lemma bij_betw_image_card_subsets:
  assumes "bij_betw f V W"
  shows "bij_betw ((`) f) {S. S \<subseteq> V \<and> card S = k} {T. T \<subseteq> W \<and> card T = k}"
proof (rule bij_betw_subset[OF bij_betw_image_Pow[OF assms]])
  have card_image_eq: "card (f ` S) = card S" if "S \<subseteq> V" for S
    using assms that by (meson bij_betw_imp_inj_on card_image inj_on_subset)
  show "(`) f ` {S. S \<subseteq> V \<and> card S = k} = {T. T \<subseteq> W \<and> card T = k}"
  proof (intro equalityI subsetI)
    fix T assume "T \<in> (`) f ` {S. S \<subseteq> V \<and> card S = k}"
    then obtain S where "S \<subseteq> V" "card S = k" "T = f ` S" by blast
    then show "T \<in> {T. T \<subseteq> W \<and> card T = k}"
      using assms card_image_eq by (auto simp: bij_betw_def)
  next
    fix T assume "T \<in> {T. T \<subseteq> W \<and> card T = k}"
    then have "T \<subseteq> f ` V" "card T = k" using assms by (auto simp: bij_betw_def)
    then obtain S where "S \<subseteq> V" "T = f ` S" by (meson subset_imageE)
    then show "T \<in> (`) f ` {S. S \<subseteq> V \<and> card S = k}"
      using \<open>card T = k\<close> card_image_eq by auto
  qed
qed auto

lemma deck_eq_if_graph_iso:
  assumes "graph_iso V E W F"
  shows "deck k V E = deck k W F"
proof -
  obtain f where f: "bij_betw f V W" "\<forall>x\<in>V. \<forall>y\<in>V. {x, y} \<in> E \<longleftrightarrow> {f x, f y} \<in> F"
    using assms unfolding graph_iso_def by blast
  show ?thesis
  proof (rule deck_eq_if_bij_betw_subsets[OF bij_betw_image_card_subsets[OF f(1)]])
    fix S assume "S \<subseteq> V"
    moreover have "inj_on f V" using f(1) by (simp add: bij_betw_def)
    ultimately show "graph_iso S (induced E S) (f ` S) (induced F (f ` S))"
      using f(2) by (intro graph_iso_induced_image) (auto intro: inj_on_subset)
  qed
qed

lemma graph_iso_card_edges:
  assumes "graph V E" "graph W F" "graph_iso V E W F"
  shows "card E = card F"
proof -
  obtain f where f: "bij_betw f V W" "\<forall>x\<in>V. \<forall>y\<in>V. {x, y} \<in> E \<longleftrightarrow> {f x, f y} \<in> F"
    using assms unfolding graph_iso_def by blast
  have edge_E: "\<exists>x\<in>V. \<exists>y\<in>V. e = {x, y}" if "e \<in> E" for e
    using assms(1) that unfolding graph_def card_2_iff by (metis insert_subset)
  have edge_F: "\<exists>u\<in>W. \<exists>v\<in>W. e = {u, v}" if "e \<in> F" for e
    using assms(2) that unfolding graph_def card_2_iff by (metis insert_subset)
  have "(`) f ` E = F"
  proof (intro equalityI subsetI)
    fix e' assume "e' \<in> (`) f ` E"
    then obtain e where e: "e \<in> E" "e' = f ` e" by blast
    then obtain x y where "x \<in> V" "y \<in> V" "e = {x, y}" using edge_E by blast
    then show "e' \<in> F" using e f(2) by auto
  next
    fix e' assume e': "e' \<in> F"
    then obtain u v where uv: "u \<in> W" "v \<in> W" "e' = {u, v}" using edge_F by blast
    then obtain x y where "x \<in> V" "y \<in> V" "u = f x" "v = f y"
      using f(1) by (auto simp: bij_betw_def)
    then show "e' \<in> (`) f ` E" using f(2) e' uv by (auto intro!: image_eqI[of _ _ "{x, y}"])
  qed
  moreover have "E \<subseteq> Pow V" using assms(1) unfolding graph_def by auto
  ultimately have "bij_betw ((`) f) E F"
    using bij_betw_subset[OF bij_betw_image_Pow[OF f(1)]] by blast
  then show ?thesis by (rule bij_betw_same_card)
qed

lemma component_self: "x \<in> V \<Longrightarrow> x \<in> component V E x"
  unfolding component_def by simp

lemma component_subset: "component V E x \<subseteq> V"
  unfolding component_def by auto

lemma induced_induced: "C \<subseteq> S \<Longrightarrow> induced (induced E S) C = induced E C"
  unfolding induced_def by auto

lemma edge_in_component_or_outside:
  assumes "graph V E" "e \<in> E"
  shows "e \<subseteq> component V E x \<or> e \<subseteq> V - component V E x"
proof -
  obtain u v where uv: "e = {u, v}" "u \<in> V" "v \<in> V"
    using assms unfolding graph_def card_2_iff by (metis insert_subset)
  then have "adj E u v" "adj E v u" using assms(2) unfolding adj_def by (auto simp: insert_commute)
  then have "u \<in> component V E x \<longleftrightarrow> v \<in> component V E x"
    using uv unfolding component_def by (auto intro: rtranclp.rtrancl_into_rtrancl)
  then show ?thesis using uv by auto
qed

lemma rtranclp_adj_induced_mono: "(adj (induced E S))\<^sup>*\<^sup>* y z \<Longrightarrow> (adj E)\<^sup>*\<^sup>* y z"
  by (rule rtranclp_mono[THEN predicate2D, rotated]) (auto simp: adj_def induced_def)

lemma rtranclp_adj_outside_component:
  assumes g: "graph V E" and y: "y \<in> V - component V E x"
  shows "(adj E)\<^sup>*\<^sup>* y z \<Longrightarrow> z \<in> V - component V E x \<and>
     (adj (induced E (V - component V E x)))\<^sup>*\<^sup>* y z"
proof (induction rule: rtranclp_induct)
  case (step z w)
  let ?C = "component V E x"
  have e: "{z, w} \<in> E" using step.hyps(2) unfolding adj_def .
  then have "{z, w} \<subseteq> V - ?C"
    using edge_in_component_or_outside[OF g e, of x] step.IH by auto
  then have "w \<in> V - ?C" "adj (induced E (V - ?C)) z w"
    using e unfolding adj_def induced_def by auto
  then show ?case using step.IH by (auto intro: rtranclp.rtrancl_into_rtrancl)
qed (use y in simp)

lemma component_outside_component:
  assumes "graph V E" and "y \<in> V - component V E x"
  shows "component (V - component V E x) (induced E (V - component V E x)) y = component V E y"
proof
  show "component (V - component V E x) (induced E (V - component V E x)) y \<subseteq> component V E y"
    unfolding component_def using rtranclp_adj_induced_mono by fastforce
  show "component V E y \<subseteq> component (V - component V E x) (induced E (V - component V E x)) y"
    unfolding component_def[of V] using rtranclp_adj_outside_component[OF assms]
    unfolding component_def by blast
qed

lemma linear_forest_remove_component:
  assumes lf: "linear_forest V E"
  shows "linear_forest (V - component V E x) (induced E (V - component V E x))"
  unfolding linear_forest_def
proof (intro conjI ballI)
  let ?C = "component V E x"
  have g: "graph V E" using lf unfolding linear_forest_def by simp
  then show "graph (V - ?C) (induced E (V - ?C))"
    unfolding graph_def induced_def by auto
  fix y assume y: "y \<in> V - ?C"
  have c: "component (V - ?C) (induced E (V - ?C)) y = component V E y"
    by (rule component_outside_component[OF g y])
  then have "induced (induced E (V - ?C)) (component V E y) = induced E (component V E y)"
    using component_subset by (metis induced_induced)
  then show "is_path (component (V - ?C) (induced E (V - ?C)) y)
      (induced (induced E (V - ?C)) (component (V - ?C) (induced E (V - ?C)) y))"
    using c lf y unfolding linear_forest_def by auto
qed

- [EXERCISE PROMPT]: Every line of the data above that includes "Longrightarrow" should be listed.

- [YOUR RESPONSE]:
lemma component_self: "x \<in> V \<Longrightarrow> x \<in> component V E x"
lemma induced_induced: "C \<subseteq> S \<Longrightarrow> induced (induced E S) C = induced E C"
lemma rtranclp_adj_induced_mono: "(adj (induced E S))\<^sup>*\<^sup>* y z \<Longrightarrow> (adj E)\<^sup>*\<^sup>* y z"
  shows "(adj E)\<^sup>*\<^sup>* y z \<Longrightarrow> z \<in> V - component V E x \<and>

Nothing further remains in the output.